• _Activity_: Filter on the word "theta": copy each matching line from the listing below.

── Supplied records ──

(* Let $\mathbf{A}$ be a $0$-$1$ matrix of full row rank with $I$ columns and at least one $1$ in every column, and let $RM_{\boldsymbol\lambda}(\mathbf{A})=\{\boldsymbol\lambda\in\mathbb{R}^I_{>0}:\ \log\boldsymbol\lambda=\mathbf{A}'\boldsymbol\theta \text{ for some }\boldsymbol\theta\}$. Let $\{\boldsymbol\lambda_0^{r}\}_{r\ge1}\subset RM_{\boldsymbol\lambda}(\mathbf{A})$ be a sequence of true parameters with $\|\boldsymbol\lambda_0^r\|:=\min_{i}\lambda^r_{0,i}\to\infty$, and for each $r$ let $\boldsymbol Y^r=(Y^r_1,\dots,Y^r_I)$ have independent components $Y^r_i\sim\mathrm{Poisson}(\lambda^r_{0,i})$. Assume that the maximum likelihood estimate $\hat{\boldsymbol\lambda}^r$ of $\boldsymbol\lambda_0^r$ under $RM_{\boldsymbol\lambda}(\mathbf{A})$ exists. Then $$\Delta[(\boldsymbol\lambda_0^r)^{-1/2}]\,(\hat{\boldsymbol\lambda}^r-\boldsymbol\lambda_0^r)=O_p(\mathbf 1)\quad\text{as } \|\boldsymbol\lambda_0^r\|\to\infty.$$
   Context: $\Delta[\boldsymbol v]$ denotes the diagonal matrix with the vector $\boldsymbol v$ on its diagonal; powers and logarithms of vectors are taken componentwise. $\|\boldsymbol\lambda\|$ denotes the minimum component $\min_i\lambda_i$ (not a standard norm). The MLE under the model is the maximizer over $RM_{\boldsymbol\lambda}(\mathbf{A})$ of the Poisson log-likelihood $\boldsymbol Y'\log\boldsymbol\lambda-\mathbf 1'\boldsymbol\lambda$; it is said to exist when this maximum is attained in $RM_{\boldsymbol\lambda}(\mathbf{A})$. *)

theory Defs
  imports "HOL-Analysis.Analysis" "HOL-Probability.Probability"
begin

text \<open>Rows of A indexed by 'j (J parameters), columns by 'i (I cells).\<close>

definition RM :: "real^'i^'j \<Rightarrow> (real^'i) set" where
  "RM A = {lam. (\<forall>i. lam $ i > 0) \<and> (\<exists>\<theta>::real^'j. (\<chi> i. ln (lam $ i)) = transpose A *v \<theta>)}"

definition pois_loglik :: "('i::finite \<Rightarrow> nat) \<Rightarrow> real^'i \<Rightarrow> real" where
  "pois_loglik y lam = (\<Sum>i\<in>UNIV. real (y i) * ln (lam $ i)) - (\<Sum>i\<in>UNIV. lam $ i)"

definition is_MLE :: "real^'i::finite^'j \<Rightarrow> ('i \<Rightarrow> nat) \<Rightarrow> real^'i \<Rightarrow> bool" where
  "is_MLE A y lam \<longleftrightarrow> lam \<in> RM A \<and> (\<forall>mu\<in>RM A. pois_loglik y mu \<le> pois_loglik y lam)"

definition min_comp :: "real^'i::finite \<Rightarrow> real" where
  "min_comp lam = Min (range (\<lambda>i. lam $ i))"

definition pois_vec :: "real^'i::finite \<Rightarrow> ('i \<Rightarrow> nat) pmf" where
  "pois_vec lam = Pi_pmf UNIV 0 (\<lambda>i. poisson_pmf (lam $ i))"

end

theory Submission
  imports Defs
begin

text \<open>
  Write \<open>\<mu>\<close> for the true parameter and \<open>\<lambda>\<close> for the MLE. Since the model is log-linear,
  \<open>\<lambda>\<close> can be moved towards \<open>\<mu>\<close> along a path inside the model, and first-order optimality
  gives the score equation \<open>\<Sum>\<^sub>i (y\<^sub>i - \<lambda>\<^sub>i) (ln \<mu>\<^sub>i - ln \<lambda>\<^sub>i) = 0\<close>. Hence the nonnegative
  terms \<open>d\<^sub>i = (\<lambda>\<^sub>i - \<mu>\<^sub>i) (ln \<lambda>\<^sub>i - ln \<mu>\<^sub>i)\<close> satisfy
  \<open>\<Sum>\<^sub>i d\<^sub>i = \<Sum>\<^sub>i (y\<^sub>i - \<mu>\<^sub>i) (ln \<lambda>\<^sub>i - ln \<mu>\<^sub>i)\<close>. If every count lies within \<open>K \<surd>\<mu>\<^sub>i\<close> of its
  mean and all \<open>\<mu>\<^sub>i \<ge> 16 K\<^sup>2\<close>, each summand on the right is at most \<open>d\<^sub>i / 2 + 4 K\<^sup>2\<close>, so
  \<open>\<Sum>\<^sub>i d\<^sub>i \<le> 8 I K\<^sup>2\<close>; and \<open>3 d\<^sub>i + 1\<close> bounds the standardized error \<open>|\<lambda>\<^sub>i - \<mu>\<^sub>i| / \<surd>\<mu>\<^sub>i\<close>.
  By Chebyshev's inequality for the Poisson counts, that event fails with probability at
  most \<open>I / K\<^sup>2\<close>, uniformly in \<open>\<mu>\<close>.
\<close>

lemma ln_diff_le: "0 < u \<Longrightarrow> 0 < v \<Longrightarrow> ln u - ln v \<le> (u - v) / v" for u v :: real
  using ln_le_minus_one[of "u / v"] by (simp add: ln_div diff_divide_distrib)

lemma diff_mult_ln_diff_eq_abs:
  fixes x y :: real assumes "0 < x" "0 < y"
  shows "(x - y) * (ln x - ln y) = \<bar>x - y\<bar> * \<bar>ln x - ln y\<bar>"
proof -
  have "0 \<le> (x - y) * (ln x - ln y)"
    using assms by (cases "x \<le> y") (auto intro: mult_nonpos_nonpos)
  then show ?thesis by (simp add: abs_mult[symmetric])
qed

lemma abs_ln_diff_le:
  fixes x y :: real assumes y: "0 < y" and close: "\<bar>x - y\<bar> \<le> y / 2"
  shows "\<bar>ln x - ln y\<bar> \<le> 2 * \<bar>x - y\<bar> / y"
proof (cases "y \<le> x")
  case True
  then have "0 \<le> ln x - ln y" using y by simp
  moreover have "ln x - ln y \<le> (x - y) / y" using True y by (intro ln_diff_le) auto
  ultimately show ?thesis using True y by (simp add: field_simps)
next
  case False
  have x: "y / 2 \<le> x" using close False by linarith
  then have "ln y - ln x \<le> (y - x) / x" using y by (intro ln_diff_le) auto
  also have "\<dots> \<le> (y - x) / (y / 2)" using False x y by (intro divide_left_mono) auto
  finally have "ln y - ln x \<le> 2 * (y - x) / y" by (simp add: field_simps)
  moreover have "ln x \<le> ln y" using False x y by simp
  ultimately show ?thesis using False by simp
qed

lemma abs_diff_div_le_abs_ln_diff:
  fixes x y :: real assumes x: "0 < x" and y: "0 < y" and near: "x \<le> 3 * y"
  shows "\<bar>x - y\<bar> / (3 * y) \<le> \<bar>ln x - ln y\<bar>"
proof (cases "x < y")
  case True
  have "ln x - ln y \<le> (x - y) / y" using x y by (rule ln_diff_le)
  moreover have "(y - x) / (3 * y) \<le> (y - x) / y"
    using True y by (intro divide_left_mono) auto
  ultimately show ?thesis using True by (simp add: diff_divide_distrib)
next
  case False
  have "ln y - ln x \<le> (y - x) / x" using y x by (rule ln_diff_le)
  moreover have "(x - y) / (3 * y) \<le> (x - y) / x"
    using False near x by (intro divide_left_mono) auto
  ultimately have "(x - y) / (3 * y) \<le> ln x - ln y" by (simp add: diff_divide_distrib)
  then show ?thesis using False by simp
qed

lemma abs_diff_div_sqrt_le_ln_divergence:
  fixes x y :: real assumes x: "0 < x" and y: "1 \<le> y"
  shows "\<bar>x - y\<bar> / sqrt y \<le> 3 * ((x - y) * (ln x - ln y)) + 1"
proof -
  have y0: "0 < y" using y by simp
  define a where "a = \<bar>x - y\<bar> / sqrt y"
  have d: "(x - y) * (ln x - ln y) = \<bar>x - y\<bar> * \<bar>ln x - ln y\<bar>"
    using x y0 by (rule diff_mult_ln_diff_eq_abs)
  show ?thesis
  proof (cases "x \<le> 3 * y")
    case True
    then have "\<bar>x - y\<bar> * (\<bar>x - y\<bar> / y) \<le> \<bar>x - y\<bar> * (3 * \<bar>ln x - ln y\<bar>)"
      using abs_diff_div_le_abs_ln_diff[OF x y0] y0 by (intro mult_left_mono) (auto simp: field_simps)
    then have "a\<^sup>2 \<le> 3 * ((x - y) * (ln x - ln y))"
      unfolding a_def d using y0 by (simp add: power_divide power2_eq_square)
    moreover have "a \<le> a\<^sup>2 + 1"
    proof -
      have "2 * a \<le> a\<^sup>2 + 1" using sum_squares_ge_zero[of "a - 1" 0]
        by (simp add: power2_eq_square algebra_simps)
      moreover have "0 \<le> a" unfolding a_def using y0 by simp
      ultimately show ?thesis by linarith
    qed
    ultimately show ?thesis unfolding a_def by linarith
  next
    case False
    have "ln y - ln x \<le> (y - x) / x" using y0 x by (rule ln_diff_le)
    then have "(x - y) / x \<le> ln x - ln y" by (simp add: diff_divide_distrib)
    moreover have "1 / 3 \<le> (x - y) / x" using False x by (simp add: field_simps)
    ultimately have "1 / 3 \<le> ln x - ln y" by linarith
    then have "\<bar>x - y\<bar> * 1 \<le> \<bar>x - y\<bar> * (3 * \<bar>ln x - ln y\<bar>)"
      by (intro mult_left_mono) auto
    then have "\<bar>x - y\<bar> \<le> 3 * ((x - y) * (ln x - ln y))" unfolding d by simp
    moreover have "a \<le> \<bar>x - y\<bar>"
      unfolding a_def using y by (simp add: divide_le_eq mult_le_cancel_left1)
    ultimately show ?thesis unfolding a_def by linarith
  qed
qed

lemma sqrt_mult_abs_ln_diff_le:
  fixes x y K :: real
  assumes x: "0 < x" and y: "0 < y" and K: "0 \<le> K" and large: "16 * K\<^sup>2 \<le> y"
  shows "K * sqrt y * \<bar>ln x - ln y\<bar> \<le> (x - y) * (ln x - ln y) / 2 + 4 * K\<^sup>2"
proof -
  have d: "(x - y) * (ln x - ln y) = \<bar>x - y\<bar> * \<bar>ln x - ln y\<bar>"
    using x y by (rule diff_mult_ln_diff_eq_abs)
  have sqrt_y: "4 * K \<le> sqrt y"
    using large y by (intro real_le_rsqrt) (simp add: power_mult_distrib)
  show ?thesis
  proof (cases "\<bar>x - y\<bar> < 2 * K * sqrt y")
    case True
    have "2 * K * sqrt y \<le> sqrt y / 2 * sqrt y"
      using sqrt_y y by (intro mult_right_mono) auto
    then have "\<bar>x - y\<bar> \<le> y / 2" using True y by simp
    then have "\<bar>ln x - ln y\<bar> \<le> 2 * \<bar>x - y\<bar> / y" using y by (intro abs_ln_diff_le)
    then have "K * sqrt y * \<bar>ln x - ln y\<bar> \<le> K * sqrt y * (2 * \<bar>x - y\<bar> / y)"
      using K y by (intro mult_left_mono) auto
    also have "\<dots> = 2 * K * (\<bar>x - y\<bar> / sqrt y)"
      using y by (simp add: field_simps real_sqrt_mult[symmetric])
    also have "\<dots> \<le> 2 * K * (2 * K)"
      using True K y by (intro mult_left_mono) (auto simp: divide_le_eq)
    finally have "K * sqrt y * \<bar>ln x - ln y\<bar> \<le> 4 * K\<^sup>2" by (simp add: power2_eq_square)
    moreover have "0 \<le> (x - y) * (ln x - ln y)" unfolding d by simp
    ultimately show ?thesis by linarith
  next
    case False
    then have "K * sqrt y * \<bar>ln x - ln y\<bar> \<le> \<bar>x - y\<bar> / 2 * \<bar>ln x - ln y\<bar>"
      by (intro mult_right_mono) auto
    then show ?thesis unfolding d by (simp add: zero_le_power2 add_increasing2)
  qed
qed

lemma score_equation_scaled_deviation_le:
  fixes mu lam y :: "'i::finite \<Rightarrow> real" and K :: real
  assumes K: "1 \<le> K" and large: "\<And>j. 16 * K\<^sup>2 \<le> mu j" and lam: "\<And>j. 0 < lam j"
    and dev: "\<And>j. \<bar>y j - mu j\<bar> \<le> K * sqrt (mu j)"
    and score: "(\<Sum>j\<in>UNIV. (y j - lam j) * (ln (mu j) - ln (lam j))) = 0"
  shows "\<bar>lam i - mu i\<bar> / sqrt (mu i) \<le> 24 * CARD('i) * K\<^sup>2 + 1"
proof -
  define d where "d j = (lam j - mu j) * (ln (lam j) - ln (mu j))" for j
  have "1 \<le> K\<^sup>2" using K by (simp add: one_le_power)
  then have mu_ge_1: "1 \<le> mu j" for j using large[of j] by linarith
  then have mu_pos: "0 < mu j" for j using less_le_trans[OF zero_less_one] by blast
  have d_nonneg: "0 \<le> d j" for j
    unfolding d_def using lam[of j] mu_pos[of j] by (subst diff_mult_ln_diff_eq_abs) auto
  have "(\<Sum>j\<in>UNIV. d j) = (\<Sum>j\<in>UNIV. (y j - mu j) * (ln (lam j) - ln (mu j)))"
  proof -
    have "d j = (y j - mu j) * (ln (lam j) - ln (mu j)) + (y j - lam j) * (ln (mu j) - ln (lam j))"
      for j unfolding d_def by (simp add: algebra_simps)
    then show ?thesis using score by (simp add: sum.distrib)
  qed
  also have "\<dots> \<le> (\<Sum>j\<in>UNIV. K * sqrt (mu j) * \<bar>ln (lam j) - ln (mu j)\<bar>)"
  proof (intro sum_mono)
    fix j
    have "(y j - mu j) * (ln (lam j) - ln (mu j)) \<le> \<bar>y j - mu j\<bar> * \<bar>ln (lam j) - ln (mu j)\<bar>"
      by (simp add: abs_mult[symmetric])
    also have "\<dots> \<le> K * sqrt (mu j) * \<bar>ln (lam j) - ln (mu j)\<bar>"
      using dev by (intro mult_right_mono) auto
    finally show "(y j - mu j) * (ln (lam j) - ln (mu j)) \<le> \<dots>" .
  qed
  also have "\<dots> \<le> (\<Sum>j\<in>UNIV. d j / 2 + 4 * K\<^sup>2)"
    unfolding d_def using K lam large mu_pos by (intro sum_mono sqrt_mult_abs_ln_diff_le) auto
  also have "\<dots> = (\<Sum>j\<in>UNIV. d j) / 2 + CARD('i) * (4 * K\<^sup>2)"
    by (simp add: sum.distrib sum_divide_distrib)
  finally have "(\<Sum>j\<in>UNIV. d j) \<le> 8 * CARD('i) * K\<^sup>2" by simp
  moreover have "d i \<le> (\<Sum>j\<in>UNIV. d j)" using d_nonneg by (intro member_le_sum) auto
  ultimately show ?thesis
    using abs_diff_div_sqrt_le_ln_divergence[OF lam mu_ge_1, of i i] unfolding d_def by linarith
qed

───

• _Result for this task_:
(* Let $\mathbf{A}$ be a $0$-$1$ matrix of full row rank with $I$ columns and at least one $1$ in every column, and let $RM_{\boldsymbol\lambda}(\mathbf{A})=\{\boldsymbol\lambda\in\mathbb{R}^I_{>0}:\ \log\boldsymbol\lambda=\mathbf{A}'\boldsymbol\theta \text{ for some }\boldsymbol\theta\}$. Let $\{\boldsymbol\lambda_0^{r}\}_{r\ge1}\subset RM_{\boldsymbol\lambda}(\mathbf{A})$ be a sequence of true parameters with $\|\boldsymbol\lambda_0^r\|:=\min_{i}\lambda^r_{0,i}\to\infty$, and for each $r$ let $\boldsymbol Y^r=(Y^r_1,\dots,Y^r_I)$ have independent components $Y^r_i\sim\mathrm{Poisson}(\lambda^r_{0,i})$. Assume that the maximum likelihood estimate $\hat{\boldsymbol\lambda}^r$ of $\boldsymbol\lambda_0^r$ under $RM_{\boldsymbol\lambda}(\mathbf{A})$ exists. Then $$\Delta[(\boldsymbol\lambda_0^r)^{-1/2}]\,(\hat{\boldsymbol\lambda}^r-\boldsymbol\lambda_0^r)=O_p(\mathbf 1)\quad\text{as } \|\boldsymbol\lambda_0^r\|\to\infty.$$
  "RM A = {lam. (\<forall>i. lam $ i > 0) \<and> (\<exists>\<theta>::real^'j. (\<chi> i. ln (lam $ i)) = transpose A *v \<theta>)}"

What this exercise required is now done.